この「報本」碑は上記の事件等に直接関係はないとおもわれるが見る人に廃藩前夜の宮古の世情を想起させてくれる貴重な金石文である。
市指定典籍 恩河里之子親雲上の墓碑(おんがわさとぬしぺーちんのぼひ〕 )
指定年月日: 昭和55(1980)年1月29日
旧藩末期に建造されたもので現存する墓碑では比較的古いものである。砂岩(高さ62cm、横33cm、幅上部5~14cm、下方17cm)を材料として使用している。
碑には右肩より「支流長真氏恩河仁也、乾隆年間卒。向姓恩河里之子親雲上墓、同治十一年壬申在番同氏花城親雲上記」の文字が刻み込まれており、下方には蓮弁の絵模様が描かれている。墓碑には、蓮弁のほかに日輪や唐草等の絵模様がよく用いられている。
この碑の書を記した花城親雲上は同治11(1872)年に首里王府から派遣された在番で同治13(1874)年の2月14日に病のため没した人物である。彼の任期中には、平良頭忠導氏玄安ら54名の「台湾遭害事件」や「ドイツ商船ロベルトソン号宮国沖遭難」などの事件がおきている。また、「琉球国が琉球藩」となったのも、彼の任期中のことである。

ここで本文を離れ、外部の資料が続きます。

text \<open>
  At the ridgeline point x* the weighted sum of the vectors v_j = Sig_j^-1 (x* - mu_j) with
  weights alpha_j vanishes, since S_alpha x* = sum_j alpha_j Sig_j^-1 mu_j. A direction w in W
  is orthogonal to every difference v_j - v_K, so w . v_j takes a common value c, and then
  c = sum_j alpha_j (w . v_j) = 0. Hence along x* + delta w each Mahalanobis distance
  (x - mu_j)' Sig_j^-1 (x - mu_j) equals its value at x* plus delta^2 w' Sig_j^-1 w, so every
  component density, and therefore the mixture, is largest at delta = 0.
\<close>

lemma matrix_inv_right:
  fixes A :: "'a::semiring_1^'n^'m"
  assumes "invertible A"
  shows "A ** matrix_inv A = mat 1"
  using someI_ex[OF assms[unfolded invertible_def]] unfolding matrix_inv_def by blast

lemma symmetric_matrix_inv:
  fixes A :: "real^'n^'n"
  assumes "transpose A = A" and "invertible A"
  shows "transpose (matrix_inv A) = matrix_inv A"
proof -
  have "transpose (matrix_inv A) ** A = mat 1"
    by (metis assms matrix_inv_right matrix_transpose_mul transpose_mat)
  then have "transpose (matrix_inv A) = transpose (matrix_inv A) ** (A ** matrix_inv A)"
    using assms(2) by (simp add: matrix_inv_right)
  also have "\<dots> = matrix_inv A"
    by (simp add: matrix_mul_assoc \<open>transpose (matrix_inv A) ** A = mat 1\<close>)
  finally show ?thesis .
qed

lemma inner_matrix_vector_symmetric:
  fixes A :: "real^'n^'n"
  assumes "transpose A = A"
  shows "x \<bullet> (A *v y) = y \<bullet> (A *v x)"
  by (metis assms dot_lmul_matrix inner_commute transpose_matrix_vector)

lemma matrix_vector_mult_sum_rdistrib:
  "(\<Sum>i\<in>I. A i) *v x = (\<Sum>i\<in>I. A i *v x)"
  by (induction I rule: infinite_finite_induct) (simp_all add: matrix_vector_mult_add_rdistrib)

lemma transpose_add: "transpose (A + B) = transpose A + transpose B"
  by (simp add: transpose_def vec_eq_iff)

lemma transpose_sum: "transpose (\<Sum>i\<in>I. A i) = (\<Sum>i\<in>I. transpose (A i))"
  by (induction I rule: infinite_finite_induct) (simp_all add: transpose_add transpose_def vec_eq_iff)

lemma pos_def_mat_invertible:
  assumes "pos_def_mat A"
  shows "invertible A"
proof -
  have "A *v x = 0 \<Longrightarrow> x = 0" for x
    using assms unfolding pos_def_mat_def by (metis inner_zero_right less_irrefl)
  then show ?thesis
    using matrix_left_invertible_ker invertible_left_inverse by blast
qed

lemma pos_def_mat_matrix_inv:
  fixes A :: "real^'n^'n"
  assumes "pos_def_mat A"
  shows "pos_def_mat (matrix_inv A)"
  unfolding pos_def_mat_def
proof (intro conjI allI impI)
  have inv: "invertible A" using assms by (rule pos_def_mat_invertible)
  show "transpose (matrix_inv A) = matrix_inv A"
    using assms inv symmetric_matrix_inv pos_def_mat_def by blast
  fix x :: "real^'n"
  assume "x \<noteq> 0"
  define y where "y = matrix_inv A *v x"
  have x: "x = A *v y"
    unfolding y_def by (simp add: matrix_vector_mul_assoc matrix_inv_right inv)
  with \<open>x \<noteq> 0\<close> have "y \<noteq> 0" by auto
  then have "y \<bullet> (A *v y) > 0" using assms pos_def_mat_def by blast
  also have "y \<bullet> (A *v y) = x \<bullet> (matrix_inv A *v x)"
    by (simp add: y_def[symmetric] x[symmetric] inner_commute)
  finally show "x \<bullet> (matrix_inv A *v x) > 0" .
qed

lemma pos_def_mat_nonneg_combination:
  fixes A :: "'i \<Rightarrow> real^'n^'n"
  assumes "finite I" and "\<forall>j\<in>I. pos_def_mat (A j)" and "\<forall>j\<in>I. a j \<ge> 0"
    and "k \<in> I" and "a k > 0"
  shows "pos_def_mat (\<Sum>j\<in>I. a j *\<^sub>R A j)"
  unfolding pos_def_mat_def
proof (intro conjI allI impI)
  show "transpose (\<Sum>j\<in>I. a j *\<^sub>R A j) = (\<Sum>j\<in>I. a j *\<^sub>R A j)"
    using assms(2) by (simp add: transpose_sum transpose_scalar pos_def_mat_def)
  fix x :: "real^'n"
  assume "x \<noteq> 0"
  then have pos: "x \<bullet> (A j *v x) > 0" if "j \<in> I" for j
    using assms(2) that pos_def_mat_def by blast
  have "0 < a k * (x \<bullet> (A k *v x))"
    using assms(4,5) pos by simp
  also have "\<dots> \<le> (\<Sum>j\<in>I. a j * (x \<bullet> (A j *v x)))"
  proof (rule member_le_sum)
    show "0 \<le> a j * (x \<bullet> (A j *v x))" if "j \<in> I - {k}" for j
      using that assms(3) pos[of j] by simp
  qed (use assms(1,4) in auto)
  also have "\<dots> = x \<bullet> ((\<Sum>j\<in>I. a j *\<^sub>R A j) *v x)"
    by (simp add: matrix_vector_mult_sum_rdistrib scaleR_matrix_vector_assoc[symmetric]
        inner_sum_right)
  finally show "x \<bullet> ((\<Sum>j\<in>I. a j *\<^sub>R A j) *v x) > 0" .
qed

lemma pos_def_mat_convex_combination:
  fixes A B :: "real^'n^'n"
  assumes "pos_def_mat A" and "pos_def_mat B" and "0 \<le> t" and "t \<le> 1"
  shows "pos_def_mat ((1 - t) *\<^sub>R A + t *\<^sub>R B)"
  unfolding pos_def_mat_def
proof (intro conjI allI impI)
  show "transpose ((1 - t) *\<^sub>R A + t *\<^sub>R B) = (1 - t) *\<^sub>R A + t *\<^sub>R B"
    using assms(1,2) by (simp add: transpose_add transpose_scalar pos_def_mat_def)
  fix x :: "real^'n"
  assume "x \<noteq> 0"
  then have "x \<bullet> (A *v x) > 0" and "x \<bullet> (B *v x) > 0"
    using assms(1,2) pos_def_mat_def by blast+
  then have "(1 - t) * (x \<bullet> (A *v x)) + t * (x \<bullet> (B *v x)) > 0"
    using assms(3,4) by (cases "t = 0") (auto intro: add_nonneg_pos mult_pos_pos)
  then show "x \<bullet> (((1 - t) *\<^sub>R A + t *\<^sub>R B) *v x) > 0"
    by (simp add: matrix_vector_mult_add_rdistrib scaleR_matrix_vector_assoc[symmetric]
        inner_add_right)
qed

lemma pos_def_mat_det_pos:
  fixes A :: "real^'n^'n"
  assumes "pos_def_mat A"
  shows "det A > 0"
proof (rule ccontr)
  assume "\<not> det A > 0"
  \<comment> \<open>det is 1 at the identity and never vanishes on the segment to A, which stays
     positive definite; the intermediate value theorem rules out a sign change.\<close>
  define f where "f t = det ((1 - t) *\<^sub>R mat 1 + t *\<^sub>R A)" for t :: real
  have "continuous_on {0..1} f"
    unfolding f_def det_def by (intro continuous_intros)
  moreover have "f 0 = 1" and "f 1 \<le> 0"
    using \<open>\<not> det A > 0\<close> by (simp_all add: f_def)
  ultimately obtain t where "0 \<le> t" "t \<le> 1" "f t = 0"
    using IVT2'[of f 1 0 0] by auto
  moreover have "pos_def_mat (mat 1 :: real^'n^'n)"
    by (simp add: pos_def_mat_def)
  ultimately show False
    using pos_def_mat_convex_combination[OF _ assms] pos_def_mat_invertible invertible_det_nz
    unfolding f_def by blast
qed

lemma pos_def_mat_S_alpha:
  assumes "prob_simplex K a" and "\<forall>j<K. pos_def_mat (Sig j)"
  shows "pos_def_mat (S_alpha K a Sig)"
proof -
  obtain k where "k < K" and "a k > 0"
  proof (rule ccontr)
    assume "\<not> thesis"
    then have "\<forall>j<K. a j = 0"
      using assms(1) that unfolding prob_simplex_def by force
    then show False
      using assms(1) unfolding prob_simplex_def by simp
  qed
  then show ?thesis
    using assms unfolding S_alpha_def prob_simplex_def
    by (intro pos_def_mat_nonneg_combination) (auto intro: pos_def_mat_matrix_inv)
qed

lemma ridge_v_weighted_sum:
  assumes "invertible (S_alpha K a Sig)"
  shows "(\<Sum>j<K. a j *\<^sub>R ridge_v K a mu Sig j) = 0"
proof -
  let ?x = "ridgeline K a mu Sig"
  have "S_alpha K a Sig *v ?x = (\<Sum>j<K. a j *\<^sub>R (matrix_inv (Sig j) *v mu j))"
    unfolding ridgeline_def
    by (simp add: matrix_vector_mul_assoc matrix_inv_right assms)
  moreover have "S_alpha K a Sig *v ?x = (\<Sum>j<K. a j *\<^sub>R (matrix_inv (Sig j) *v ?x))"
    unfolding S_alpha_def
    by (simp add: matrix_vector_mult_sum_rdistrib scaleR_matrix_vector_assoc)
  ultimately show ?thesis
    unfolding ridge_v_def
    by (simp add: matrix_vector_mult_diff_distrib scaleR_diff_right sum_subtractf)
qed

lemma W_set_inner_ridge_v_eq:
  assumes "invertible (S_alpha K a Sig)" and "w \<in> W_set K a mu Sig" and "j < K"
  shows "w \<bullet> ridge_v K a mu Sig j = w \<bullet> ridge_v K a mu Sig (K - 1)"
proof (cases "j = K - 1")
  case False
  with assms(3) have "w \<bullet> (S_alpha K a Sig *v ridge_d K a mu Sig j) = 0"
    using assms(2) unfolding W_set_def by simp
  then show ?thesis
    unfolding ridge_d_def
    by (simp add: matrix_vector_mul_assoc matrix_inv_right assms(1) inner_diff_right)
qed simp

lemma W_set_orthogonal_ridge_v:
  assumes "prob_simplex K a" and "invertible (S_alpha K a Sig)"
    and "w \<in> W_set K a mu Sig" and "j < K"
  shows "w \<bullet> ridge_v K a mu Sig j = 0"
proof -
  let ?c = "w \<bullet> ridge_v K a mu Sig (K - 1)"
  have "0 = w \<bullet> (\<Sum>i<K. a i *\<^sub>R ridge_v K a mu Sig i)"
    unfolding ridge_v_weighted_sum[OF assms(2)] by simp
  also have "\<dots> = (\<Sum>i<K. a i * ?c)"
    unfolding inner_sum_right inner_scaleR_right
    by (intro sum.cong refl) (metis W_set_inner_ridge_v_eq[OF assms(2,3)] lessThan_iff)
  also have "\<dots> = ?c"
    using assms(1) by (simp add: prob_simplex_def sum_distrib_right[symmetric])
  finally show ?thesis
    using W_set_inner_ridge_v_eq[OF assms(2-4)] by linarith
qed

lemma quadratic_form_add_orthogonal:
  fixes A :: "real^'n^'n"
  assumes "transpose A = A" and "w \<bullet> (A *v u) = 0"
  shows "(u + t *\<^sub>R w) \<bullet> (A *v (u + t *\<^sub>R w)) = u \<bullet> (A *v u) + t\<^sup>2 * (w \<bullet> (A *v w))"
proof -
  have "u \<bullet> (A *v w) = 0"
    using assms inner_matrix_vector_symmetric by metis
  with assms(2) show ?thesis
    by (simp add: matrix_vector_right_distrib matrix_vector_mult_scaleR inner_add_left
        inner_add_right power2_eq_square)
qed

この墓碑は、これらの事件と直接かかわりはないが、花城親雲上が在番として宮古島に赴任してきたことの証拠であり、旧藩末期におきた事件等を彷彿とさせる貴重な金石文である。
市指定典籍 産業界之恩人記念碑
指定年月日: 昭和56(1981)年1月29日
大正14年7月に宮古神社が建立された際、宮古の産業界の基礎をつくった下地親雲上恵根、砂川親雲上旨屋、稲石刀自の三者を顕彰して、同境内に建立したものである。
碑の形状は縦264cm、横63cm、幅27cmの直方体でコンクリート造りである。碑文は当時、沖縄史研究者として知られた真境名安興がまとめたものである。表には「産業界之恩人・下地親雲上恵根、砂川親雲上旨屋、稲石刀自・記念碑」「沖縄県知事正五位勲四等亀井光政書」の文字が記されている。
下地恵根は、1655(順治12)年に上国の帰途、松苗数本を持ち帰り大武山・島尻後に試植、更に1681(康熙20)年には2000本を洲鎌村に植え造林の端緒を開いた。砂川旨屋は1594(万暦22)年、御物宰領で上国の帰途中国に漂着、3年後、帰国にさいし芋かづらを持ち帰り、栽培普及した。また、稲石は1583(万暦11)年、綾錆布を創製して琉球国王に献上、宮古上布織製の端を開いた人物である。
碑文の内容は、上記三者の業績をたたえるとともに、今日の宮古産業界の発展は彼等の恩恵によるものとし、これを顕彰することで今日および後世の人々に、報恩報国の道を教示しようとしたものである。
この碑は、当時の宮古郡民の動向を知る上でも貴重な金石文である。